MITARBEITER ENTDECKTE ES, BOMBENENTSCHÄRFUNGSROBOTER EINGESETZT

Die Polizei in Sachsen teilte mit, dass ein Mitarbeiter in der Nacht eine verdächtige Vorrichtung in dem Bereich bemerkt habe, in dem ukrainische Frachtflugzeuge geparkt waren. Nach der Meldung wurde ein Bombenentschärfungsroboter zum Flughafen geschickt.

ZWEITES OBJEKT KOLLIDIERTE MIT FRACHTFLUGZEUG

Die Behörden berichteten, dass ein zweites, bisher nicht identifiziertes Objekt in der Umgebung des Flughafens mit einem Frachtflugzeug kollidiert sei. Das Flugzeug, das leichte Schäden erlitt, sei sicher auf dem Flughafen Hannover gelandet.

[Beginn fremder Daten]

text \<open>A lattice point within distance \<open>R\<close> of both a point of \<open>V\<close> and a point outside \<open>V\<close> has its
  whole unit cube in the shell between the two homothetic copies.\<close>

lemma card_boundaryZ_lattice_points_le:
  fixes V :: "(real ^ 'k) set"
  assumes V: "convex V" "compact V" and ball: "cball c r \<subseteq> V" and R: "0 \<le> R"
    and t: "0 < t" "t < 1" and tr: "R + real CARD('k) / 2 \<le> t * r"
  shows "card (boundaryZ R {p. rvec p \<in> V})
    \<le> ((1 + t) ^ CARD('k) - (1 - t) ^ CARD('k)) * measure lebesgue V"
proof -
  define A where "A = homothety (1 + t) c V - homothety (1 - t) c V"
  have meas: "homothety (1 + t) c V \<in> lmeasurable" "homothety (1 - t) c V \<in> lmeasurable"
    using t by (auto intro: lmeasurable_homothety V)
  have "0 \<le> t * r"
    using tr R by (smt (verit) of_nat_0_le_iff divide_nonneg_pos)
  then have "0 \<le> r"
    using t by (simp add: zero_le_mult_iff)
  then have "measure lebesgue A
      = ((1 + t) ^ CARD('k) - (1 - t) ^ CARD('k)) * measure lebesgue V"
    unfolding A_def using t homothety_shrink_subset_expand[OF V(1) ball t(1) _ \<open>0 \<le> r\<close>]
    by (simp add: measurable_measure_Diff meas fmeasurableD measure_homothety[OF V(2)]
        left_diff_distrib)
  moreover have "real (card (boundaryZ R {p. rvec p \<in> V})) \<le> measure lebesgue A"
  proof (rule card_le_measure_if_lattice_cubes_subset(2))
    show "A \<in> lmeasurable"
      unfolding A_def using meas by (intro fmeasurable_Diff fmeasurableD) auto
    fix p assume "p \<in> boundaryZ R {p. rvec p \<in> V}"
    then obtain m m' where m: "rvec m \<in> V" "znorm (p - m) \<le> R"
      and m': "rvec m' \<notin> V" "znorm (p - m') \<le> R"
      by (auto simp: boundaryZ_def)
    show "lattice_cube p \<subseteq> A"
    proof
      fix y assume "y \<in> lattice_cube p"
      then have yp: "dist y (rvec p) \<le> real CARD('k) / 2"
        by (rule dist_le_of_mem_lattice_cube)
      have "norm (y - rvec m) \<le> t * r"
        using dist_triangle[of y "rvec m" "rvec p"] yp m(2) tr
        by (simp add: znorm_diff dist_norm dist_commute)
      then have "rvec m + (y - rvec m) \<in> homothety (1 + t) c V"
        by (rule homothety_expand_contains_cball[OF V(1) ball t(1) m(1)])
      moreover have "y \<notin> homothety (1 - t) c V"
      proof
        assume "y \<in> homothety (1 - t) c V"
        moreover have "norm (rvec m' - y) \<le> t * r"
          using dist_triangle[of "rvec m'" y "rvec p"] yp m'(2) tr
          by (simp add: znorm_diff dist_norm dist_commute norm_minus_commute)
        ultimately have "y + (rvec m' - y) \<in> V"
          by (rule homothety_shrink_add_cball[OF V(1) ball t(1) less_imp_le[OF t(2)]])
        with m'(1) show False by simp
      qed
      ultimately show "y \<in> A" by (simp add: A_def)
    qed
  qed
  ultimately show ?thesis by simp
qed

lemma boundaryZ_lattice_points_ratio_lt:
  fixes V :: "(real ^ 'k) set"
  assumes V: "convex V" "compact V" and ball: "cball c r \<subseteq> V" and r: "0 < r" and R: "0 < R"
    and t: "0 < t" "t < 1" and tr: "R + real CARD('k) / 2 \<le> t * r"
    and shell: "(1 + t) ^ CARD('k) - (1 - t) ^ CARD('k) < (1 / R) * (1 - t) ^ CARD('k)"
  shows "real (card (boundaryZ R {p. rvec p \<in> V})) / real (card {p. rvec p \<in> V}) < 1 / R"
proof -
  define \<mu> where "\<mu> = measure lebesgue V"
  have "0 < measure lborel (cball c r)"
    using content_cball_pos[OF r] by simp
  also have "\<dots> = measure lebesgue (cball c r)"
    by (metis borel_closed closed_cball measure_completion sets_lborel)
  also have "\<dots> \<le> \<mu>"
    unfolding \<mu>_def using ball V(2) by (intro measure_mono_fmeasurable lmeasurable_compact) auto
  finally have "0 < \<mu>" .
  have tr': "real CARD('k) / 2 \<le> t * r"
    using tr R by linarith
  have "real (card (boundaryZ R {p. rvec p \<in> V}))
      \<le> ((1 + t) ^ CARD('k) - (1 - t) ^ CARD('k)) * \<mu>"
    unfolding \<mu>_def using R by (intro card_boundaryZ_lattice_points_le[OF V ball _ t tr]) auto
  also have "\<dots> < (1 / R) * ((1 - t) ^ CARD('k) * \<mu>)"
    using mult_strict_right_mono[OF shell \<open>0 < \<mu>\<close>] by simp
  also have "\<dots> \<le> (1 / R) * card {p. rvec p \<in> V}"
    using measure_shrunk_le_card_lattice_points[OF V ball t tr'] R
    by (intro mult_left_mono) (simp_all add: \<mu>_def)
  finally show ?thesis
    using R by (simp add: divide_less_eq field_simps split: if_split_asm)
qed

Ein Polizeisprecher gab an, dass das Objekt mit der Sprengvorrichtung in der Nähe der geparkten Frachtflugzeuge vom Typ Antonow entdeckt wurde.

KONTROLLIERTE SPRENGUNG DURCHGEFÜHRT

Die Sicherheitsteams führten nach dem Entfernen des Zünders der Vorrichtung eine kontrollierte Sprengung durch. Nach Abschluss der Arbeiten wurde der Flugbetrieb auf der Nordbahn des Flughafens wieder aufgenommen, während die Südbahn aus Sicherheitsgründen vorerst geschlossen bleibt.

INNENMINISTERIUM HAT UNTERSUCHUNG EINGELEITET

Der deutsche Innenminister Alexander Dobrindt kündigte an, dass der Vorfall in allen Aspekten untersucht werde und die Sicherheitsbehörden Ermittlungen aufgenommen hätten.